Sur le vif - Lundi 29.04.19 - 12.12h
Avec mes quelque 500 jours d'armée, principalement entre 1977 et 1990, je ne pense pas pouvoir être soupçonné d'antimilitarisme. Mais je suis en accord total avec Benoît Genecand, lorsqu'il ose mettre en cause l'incroyable liberté de parole, assurément excessive, dont jouit depuis toujours, en Suisse, la Société suisse des officiers, dans le champ politique. Dans un pays comme la France, à forte tradition républicaine, une telle liberté serait inimaginable. Dans la quasi-totalité des autres pays, aussi.
La seule "société" dont un officier doit se sentir membre, c'est l'armée. Et l'armée est un corps de la nation, qui obéit au pouvoir politique, et à nul autre. L'armée n'est pas un corps autonome. Elle fait ce qu'on lui dit de faire. Ce que le chef du Département lui dit de faire. Ce que le Conseil fédéral lui dit de faire. Au final, elle est au service du peuple suisse. Hors de ce service, elle n'a aucune existence propre, n'a pas à en avoir. Ainsi fonctionne l'idée républicaine.
Ensuite, chaque officier, chaque sous-officier, chaque soldat, lorsqu'il a ôté son uniforme, vote strictement comme il veut, en tant que citoyen. Et prend les positions qu'il veut, dans l'espace public.
Mais tant qu'il se proclame "officier", "sous-officier", ou "soldat", en tant que tel, il n'a pas à exprimer ses préférences politiques. Il est là pour exécuter ce que le pouvoir civil lui dit de faire.
Le conseiller Benoît Genecand, dont on peut discuter par ailleurs (mais c'est une autre affaire) le côté imprévisible, atypique, a eu parfaitement raison de mettre le doigt sur une certaine arrogance de tonalité dans les prises de position de la Société suisse des officiers. On peut aller plus loin, si on est républicain et non corporatiste, et oser mettre en cause l'existence même de cette société, jusqu'à son nom. Ce libellé m'a toujours gêné : il laisse entendre une sorte d'Etat dans l'Etat, ou de corporation parallèle, toutes choses dont l'intransigeance d'une âme républicaine peut légitimement se méfier.

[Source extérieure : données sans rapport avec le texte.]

lemma average_powr_le_linear:
  fixes x :: "'i \<Rightarrow> real"
  assumes "\<And>i. i \<in> I \<Longrightarrow> 0 \<le> x i \<and> x i \<le> B" "real (card I) \<le> c * n" "n > 0" "l > 0" "p > 0"
  shows "(1 / n) * (\<Sum>i\<in>I. x i powr p) \<le> c * l powr p + B powr p / l * ((1 / n) * (\<Sum>i\<in>I. x i))"
proof -
  have "(1 / n) * (\<Sum>i\<in>I. x i powr p) \<le> (1 / n) * (real (card I) * l powr p + B powr p / l * (\<Sum>i\<in>I. x i))"
    using assms(1,3-5) by (intro mult_left_mono sum_powr_le_linear) auto
  also have "\<dots> = real (card I) / n * l powr p + B powr p / l * ((1 / n) * (\<Sum>i\<in>I. x i))"
    by (simp add: algebra_simps)
  also have "real (card I) / n \<le> c" using assms(2,3) by (simp add: field_simps)
  finally show ?thesis by (simp add: mult_right_mono)
qed

lemma Lq_norm_eq_integral:
  assumes "integrable M (\<lambda>\<omega>. \<bar>Y \<omega>\<bar> powr q)"
  shows "Lq_norm M q Y = (\<integral>\<omega>. \<bar>Y \<omega>\<bar> powr q \<partial>M) powr (1 / q)"
proof -
  have "(\<integral>\<^sup>+ \<omega>. ennreal (\<bar>Y \<omega>\<bar> powr q) \<partial>M) = ennreal (\<integral>\<omega>. \<bar>Y \<omega>\<bar> powr q \<partial>M)"
    using assms by (intro nn_integral_eq_integral) auto
  then show ?thesis unfolding Lq_norm_def by simp
qed

lemma tendsto_limsup_zero_if_eventually_small:
  fixes S :: "'b \<Rightarrow> nat \<Rightarrow> real"
  assumes "\<And>\<epsilon> n. 0 \<le> S \<epsilon> n"
    and small: "\<And>\<gamma>. \<gamma> > 0 \<Longrightarrow> \<forall>\<^sub>F \<epsilon> in F. \<forall>\<^sub>F n in sequentially. S \<epsilon> n \<le> \<gamma>"
  shows "((\<lambda>\<epsilon>. limsup (\<lambda>n. ereal (S \<epsilon> n))) \<longlongrightarrow> 0) F"
proof (rule order_tendstoI)
  fix y :: ereal assume "y < 0"
  moreover have "0 \<le> limsup (\<lambda>n. ereal (S \<epsilon> n))" for \<epsilon>
    using assms(1) by (intro le_Limsup) auto
  ultimately show "\<forall>\<^sub>F \<epsilon> in F. y < limsup (\<lambda>n. ereal (S \<epsilon> n))"
    by (simp add: order_less_le_trans)
next
  fix y :: ereal assume "0 < y"
  then obtain \<gamma> where "0 < \<gamma>" "ereal \<gamma> < y" using ereal_dense2 by force
  from small[OF \<open>0 < \<gamma>\<close>] show "\<forall>\<^sub>F \<epsilon> in F. limsup (\<lambda>n. ereal (S \<epsilon> n)) < y"
  proof (rule eventually_mono)
    fix \<epsilon> assume "\<forall>\<^sub>F n in sequentially. S \<epsilon> n \<le> \<gamma>"
    then have "limsup (\<lambda>n. ereal (S \<epsilon> n)) \<le> ereal \<gamma>"
      by (intro Limsup_bounded) (auto elim: eventually_mono)
    then show "limsup (\<lambda>n. ereal (S \<epsilon> n)) < y" using \<open>ereal \<gamma> < y\<close> by simp
  qed
qed

locale bounded_regulated_process = prob_space M for M :: "'a measure" +
  fixes \<sigma> :: "real \<Rightarrow> 'a \<Rightarrow> real" and \<delta> C :: real
  assumes measurable_process: "\<And>s. \<sigma> s \<in> borel_measurable M"
    and cadlag_or_caglad:
      "(\<forall>\<omega>\<in>space M. cadlag (\<lambda>s. \<sigma> s \<omega>)) \<or> (\<forall>\<omega>\<in>space M. caglad (\<lambda>s. \<sigma> s \<omega>))"
    and \<delta>_pos: "\<delta> > 0"
    and bounded: "\<And>s \<omega>. s \<ge> - \<delta> \<Longrightarrow> \<omega> \<in> space M \<Longrightarrow> \<bar>\<sigma> s \<omega>\<bar> \<le> C"
begin

lemma path_regulated: "\<omega> \<in> space M \<Longrightarrow> regulated (\<lambda>s. \<sigma> s \<omega>)"
  using cadlag_or_caglad cadlag_imp_regulated caglad_imp_regulated by blast

lemma bound_nonneg: "0 \<le> C"
  using bounded[of 0] \<delta>_pos not_empty by fastforce

lemma bounded_on_window:
  "s \<ge> 0 \<Longrightarrow> \<eta> \<le> \<delta> \<Longrightarrow> r \<in> {s - \<eta>..s + \<eta>} \<Longrightarrow> \<omega> \<in> space M \<Longrightarrow> \<bar>\<sigma> r \<omega>\<bar> \<le> C"
  by (rule bounded) auto

lemma modcont_measurable:
  assumes "s \<ge> 0" "\<eta> \<le> \<delta>"
  shows "modcont \<sigma> s \<eta> \<in> borel_measurable M"
proof -
  have "(\<lambda>\<omega>. modulus (\<lambda>r. \<sigma> r \<omega>) s \<eta>) \<in> borel_measurable M"
  proof (rule measurable_modulus[OF measurable_process])
    show "(\<forall>r. continuous (at_right r) (\<lambda>s. \<sigma> s \<omega>)) \<or> (\<forall>r. continuous (at_left r) (\<lambda>s. \<sigma> s \<omega>))"
      if "\<omega> \<in> space M" for \<omega>
      using cadlag_or_caglad that unfolding cadlag_def caglad_def by blast
  qed (use bounded_on_window assms in blast)
  then show ?thesis by (simp add: modcont_eq_modulus[abs_def])
qed

lemma modcont_bounds:
  assumes "s \<ge> 0" "\<eta> \<le> \<delta>" "\<omega> \<in> space M"
  shows "0 \<le> modcont \<sigma> s \<eta> \<omega>" "modcont \<sigma> s \<eta> \<omega> \<le> 2 * C"
  unfolding modcont_eq_modulus using bounded_on_window[OF assms(1,2) _ assms(3)]
  by (blast intro: modulus_nonneg modulus_le_twice_bound bound_nonneg)+

lemma modcont_mono:
  assumes "s \<ge> 0" "\<eta> \<le> \<eta>'" "\<eta>' \<le> \<delta>" "\<omega> \<in> space M"
  shows "modcont \<sigma> s \<eta> \<omega> \<le> modcont \<sigma> s \<eta>' \<omega>"
  unfolding modcont_eq_modulus using bounded_on_window[OF assms(1,3) _ assms(4)] assms(2)
  by (blast intro: modulus_mono)

lemma modcont_powr_le:
  assumes "s \<ge> 0" "\<eta> \<le> \<delta>" "\<omega> \<in> space M" "q > 0"
  shows "\<bar>modcont \<sigma> s \<eta> \<omega>\<bar> powr q \<le> (2 * C) powr q"
  using modcont_bounds[OF assms(1-3)] assms(4) by (intro powr_mono2) auto

lemma modcont_powr_integrable:
  assumes "s \<ge> 0" "\<eta> \<le> \<delta>" "q > 0"
  shows "integrable M (\<lambda>\<omega>. \<bar>modcont \<sigma> s \<eta> \<omega>\<bar> powr q)"
proof -
  have [measurable]: "modcont \<sigma> s \<eta> \<in> borel_measurable M" using modcont_measurable[OF assms(1,2)] .
  show ?thesis
    using modcont_powr_le[OF assms(1,2) _ assms(3)]
    by (intro integrable_const_bound[where B = "(2 * C) powr q"]) auto
qed

lemma expectation_modcont_powr_bounds:
  assumes "s \<ge> 0" "\<eta> \<le> \<delta>" "q > 0"
  shows "0 \<le> expectation (\<lambda>\<omega>. \<bar>modcont \<sigma> s \<eta> \<omega>\<bar> powr q)"
    "expectation (\<lambda>\<omega>. \<bar>modcont \<sigma> s \<eta> \<omega>\<bar> powr q) \<le> (2 * C) powr q"
proof -
  have "expectation (\<lambda>\<omega>. \<bar>modcont \<sigma> s \<eta> \<omega>\<bar> powr q) \<le> expectation (\<lambda>_. (2 * C) powr q)"
    using assms by (intro integral_mono modcont_powr_integrable modcont_powr_le) auto
  then show "expectation (\<lambda>\<omega>. \<bar>modcont \<sigma> s \<eta> \<omega>\<bar> powr q) \<le> (2 * C) powr q"
    by (simp add: prob_space)
qed simp

lemma Lq_norm_modcont_powr:
  assumes "s \<ge> 0" "\<eta> \<le> \<delta>" "q > 0"
  shows "Lq_norm M q (modcont \<sigma> s \<eta>) powr \<alpha> = expectation (\<lambda>\<omega>. \<bar>modcont \<sigma> s \<eta> \<omega>\<bar> powr q) powr (\<alpha> / q)"
  using assms by (simp add: Lq_norm_eq_integral modcont_powr_integrable powr_powr)

lemma path_average_small:
  assumes "\<omega> \<in> space M" "t \<ge> 0" "q > 0" "a \<longlonglongrightarrow> 0" "g > 0"
  shows "\<exists>\<epsilon>\<in>{0<..\<delta> / 2}. \<forall>\<^sub>F n in sequentially.
    (1 / real n) * (\<Sum>i=k..nat \<lfloor>real n * t\<rfloor>. \<bar>modcont \<sigma> (real i / real n) (\<epsilon> + a n) \<omega>\<bar> powr q) \<le> g"
proof -
  obtain \<eta>1 where "\<eta>1 > 0" and \<eta>1: "\<forall>\<^sub>F n in sequentially. \<forall>\<eta>\<in>{0<..\<eta>1}.
      (\<Sum>i=k..nat \<lfloor>real n * t\<rfloor>. \<bar>modulus (\<lambda>r. \<sigma> r \<omega>) (real i / real n) \<eta>\<bar> powr q) \<le> real n * g"
    using regulated_sum_modulus_powr_small[OF path_regulated bounded \<delta>_pos assms(2,3,5)] assms(1)
    by blast
  define \<epsilon> where "\<epsilon> = min (\<eta>1 / 2) (\<delta> / 2)"
  have "\<epsilon> > 0" unfolding \<epsilon>_def using \<open>\<eta>1 > 0\<close> \<delta>_pos by simp
  have "\<forall>\<^sub>F n in sequentially. \<bar>a n\<bar> < \<epsilon> \<and> n \<ge> 1"
    using assms(4) \<open>\<epsilon> > 0\<close>
    by (intro eventually_conj order_tendstoD(2)[OF tendsto_rabs_zero] eventually_ge_at_top) auto
  then have "\<forall>\<^sub>F n in sequentially.
    (1 / real n) * (\<Sum>i=k..nat \<lfloor>real n * t\<rfloor>. \<bar>modcont \<sigma> (real i / real n) (\<epsilon> + a n) \<omega>\<bar> powr q) \<le> g"
    using \<eta>1
  proof eventually_elim
    case (elim n)
    then have "\<epsilon> + a n \<in> {0<..\<eta>1}" unfolding \<epsilon>_def by auto
    with elim show ?case unfolding modcont_eq_modulus by (auto simp: field_simps)
  qed
  then show ?thesis using \<open>\<epsilon> > 0\<close> unfolding \<epsilon>_def by auto
qed

lemma average_moment_small:
  assumes "t \<ge> 0" "q > 0" "a \<longlonglongrightarrow> 0" "\<gamma> > 0"
  shows "\<exists>\<epsilon>0>0. \<forall>\<^sub>F n in sequentially. \<forall>\<epsilon>\<in>{0<..\<epsilon>0}. (1 / real n) *
    (\<Sum>i=k..nat \<lfloor>real n * t\<rfloor>. expectation (\<lambda>\<omega>. \<bar>modcont \<sigma> (real i / real n) (\<epsilon> + a n) \<omega>\<bar> powr q)) \<le> \<gamma>"
proof -
  define I where "I n = {k..nat \<lfloor>real n * t\<rfloor>}" for n :: nat
  define F where "F n \<epsilon> i \<omega> = \<bar>modcont \<sigma> (real i / real n) (\<epsilon> + a n) \<omega>\<bar> powr q" for n \<epsilon> i \<omega>
  define Y where "Y n \<epsilon> \<omega> = (1 / real n) * (\<Sum>i\<in>I n. F n \<epsilon> i \<omega>)" for n \<epsilon> \<omega>
  have "\<forall>\<^sub>F n in sequentially. \<bar>a n\<bar> < \<delta> / 2 \<and> n \<ge> 1"
    using assms(3) \<delta>_pos by (intro eventually_conj order_tendstoD(2)[OF tendsto_rabs_zero] eventually_ge_at_top) auto
  then obtain N0 where N0: "\<And>n. n \<ge> N0 \<Longrightarrow> \<bar>a n\<bar> < \<delta> / 2 \<and> n \<ge> 1"
    unfolding eventually_sequentially by blast
  have window: "\<epsilon> + a n \<le> \<delta>" if "n \<ge> N0" "\<epsilon> \<le> \<delta> / 2" for n \<epsilon>
    using N0[OF that(1)] that(2) by auto
  have F_integrable: "integrable M (F n \<epsilon> i)" if "n \<ge> N0" "\<epsilon> \<in> {0<..\<delta> / 2}" for n \<epsilon> i
    unfolding F_def using that window assms(2) by (intro modcont_powr_integrable) auto
  have F_bounds: "0 \<le> F n \<epsilon> i \<omega> \<and> F n \<epsilon> i \<omega> \<le> (2 * C) powr q"
    if "n \<ge> N0" "\<epsilon> \<in> {0<..\<delta> / 2}" "\<omega> \<in> space M" for n \<epsilon> i \<omega>
    unfolding F_def using that window assms(2) by (auto intro: modcont_powr_le)
  have "\<exists>\<epsilon>0>0. \<forall>\<^sub>F n in sequentially. \<forall>\<epsilon>\<in>{0<..\<epsilon>0}. expectation (Y n \<epsilon>) \<le> \<gamma>"
  proof (rule expectation_small_if_pathwise_small[where \<epsilon>max = "\<delta> / 2" and N = N0 and B = "(t + 1) * (2 * C) powr q"])
    show "Y n \<epsilon> \<in> borel_measurable M" if "n \<ge> N0" "\<epsilon> \<in> {0<..\<delta> / 2}" for n \<epsilon>
      unfolding Y_def using F_integrable[OF that] by measurable
  next
    fix n \<epsilon> \<omega> assume that: "n \<ge> N0" "\<epsilon> \<in> {0<..\<delta> / 2}" "\<omega> \<in> space M"
    have "(\<Sum>i\<in>I n. F n \<epsilon> i \<omega>) \<le> real (card (I n)) * (2 * C) powr q"
      using F_bounds[OF that] by (intro sum_bounded_above) auto
    also have "\<dots> \<le> real n * (t + 1) * (2 * C) powr q"
      using card_grid_le[of n t k] N0[OF that(1)] assms(1) unfolding I_def
      by (intro mult_right_mono) auto
    finally show "0 \<le> Y n \<epsilon> \<omega> \<and> Y n \<epsilon> \<omega> \<le> (t + 1) * (2 * C) powr q"
      unfolding Y_def using F_bounds[OF that] N0[OF that(1)] by (auto simp: field_simps intro: sum_nonneg)
  next
    fix n \<epsilon> \<epsilon>' \<omega> assume "n \<ge> N0" "0 < \<epsilon>" "\<epsilon> \<le> \<epsilon>'" "\<epsilon>' \<le> \<delta> / 2" "\<omega> \<in> space M"
    then show "Y n \<epsilon> \<omega> \<le> Y n \<epsilon>' \<omega>"
      unfolding Y_def F_def using window[of n \<epsilon>'] modcont_bounds modcont_mono assms(2)
      by (intro mult_left_mono sum_mono powr_mono2) auto
  next
    fix \<omega> and g :: real assume "\<omega> \<in> space M" "g > 0"
    then show "\<exists>\<epsilon>\<in>{0<..\<delta> / 2}. \<forall>\<^sub>F n in sequentially. Y n \<epsilon> \<omega> \<le> g"
      using path_average_small[OF _ assms(1-3)] unfolding Y_def F_def I_def by blast
  qed (use \<delta>_pos assms(4) in auto)
  then obtain \<epsilon>0 where "\<epsilon>0 > 0" and \<epsilon>0: "\<forall>\<^sub>F n in sequentially. \<forall>\<epsilon>\<in>{0<..\<epsilon>0}. expectation (Y n \<epsilon>) \<le> \<gamma>"
    by blast
  have "\<forall>\<^sub>F n in sequentially. \<forall>\<epsilon>\<in>{0<..min \<epsilon>0 (\<delta> / 2)}. (1 / real n) *
    (\<Sum>i\<in>I n. expectation (F n \<epsilon> i)) \<le> \<gamma>"
    using \<epsilon>0 eventually_ge_at_top[of N0]
  proof eventually_elim
    case (elim n)
    show ?case
    proof
      fix \<epsilon> assume \<epsilon>: "\<epsilon> \<in> {0<..min \<epsilon>0 (\<delta> / 2)}"
      have "expectation (Y n \<epsilon>) = (1 / real n) * (\<Sum>i\<in>I n. expectation (F n \<epsilon> i))"
        unfolding Y_def using F_integrable[OF elim(2)] \<epsilon> by (simp add: integral_sum)
      moreover have "expectation (Y n \<epsilon>) \<le> \<gamma>" using elim(1) \<epsilon> by simp
      ultimately show "(1 / real n) * (\<Sum>i\<in>I n. expectation (F n \<epsilon> i)) \<le> \<gamma>" by simp
    qed
  qed
  then show ?thesis
    using \<open>\<epsilon>0 > 0\<close> \<delta>_pos unfolding I_def F_def by (intro exI[of _ "min \<epsilon>0 (\<delta> / 2)"]) auto
qed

Ce que j'écris ici n'entame en rien mon attachement à l'armée suisse, pourvu qu'elle soit au service du peuple, pétrie de conscience de son obéissance au pouvoir civil. Une armée n'est pas un corps en soi. Son existence ou sa dilution, les modalités de son organisation et de son financement, ses missions surtout, tout cela doit être défini par le pouvoir civil. Chez nous, le corps démocratique de ses citoyennes et citoyens. Ce sont eux, au final, les vrais patrons de l'armée suisse.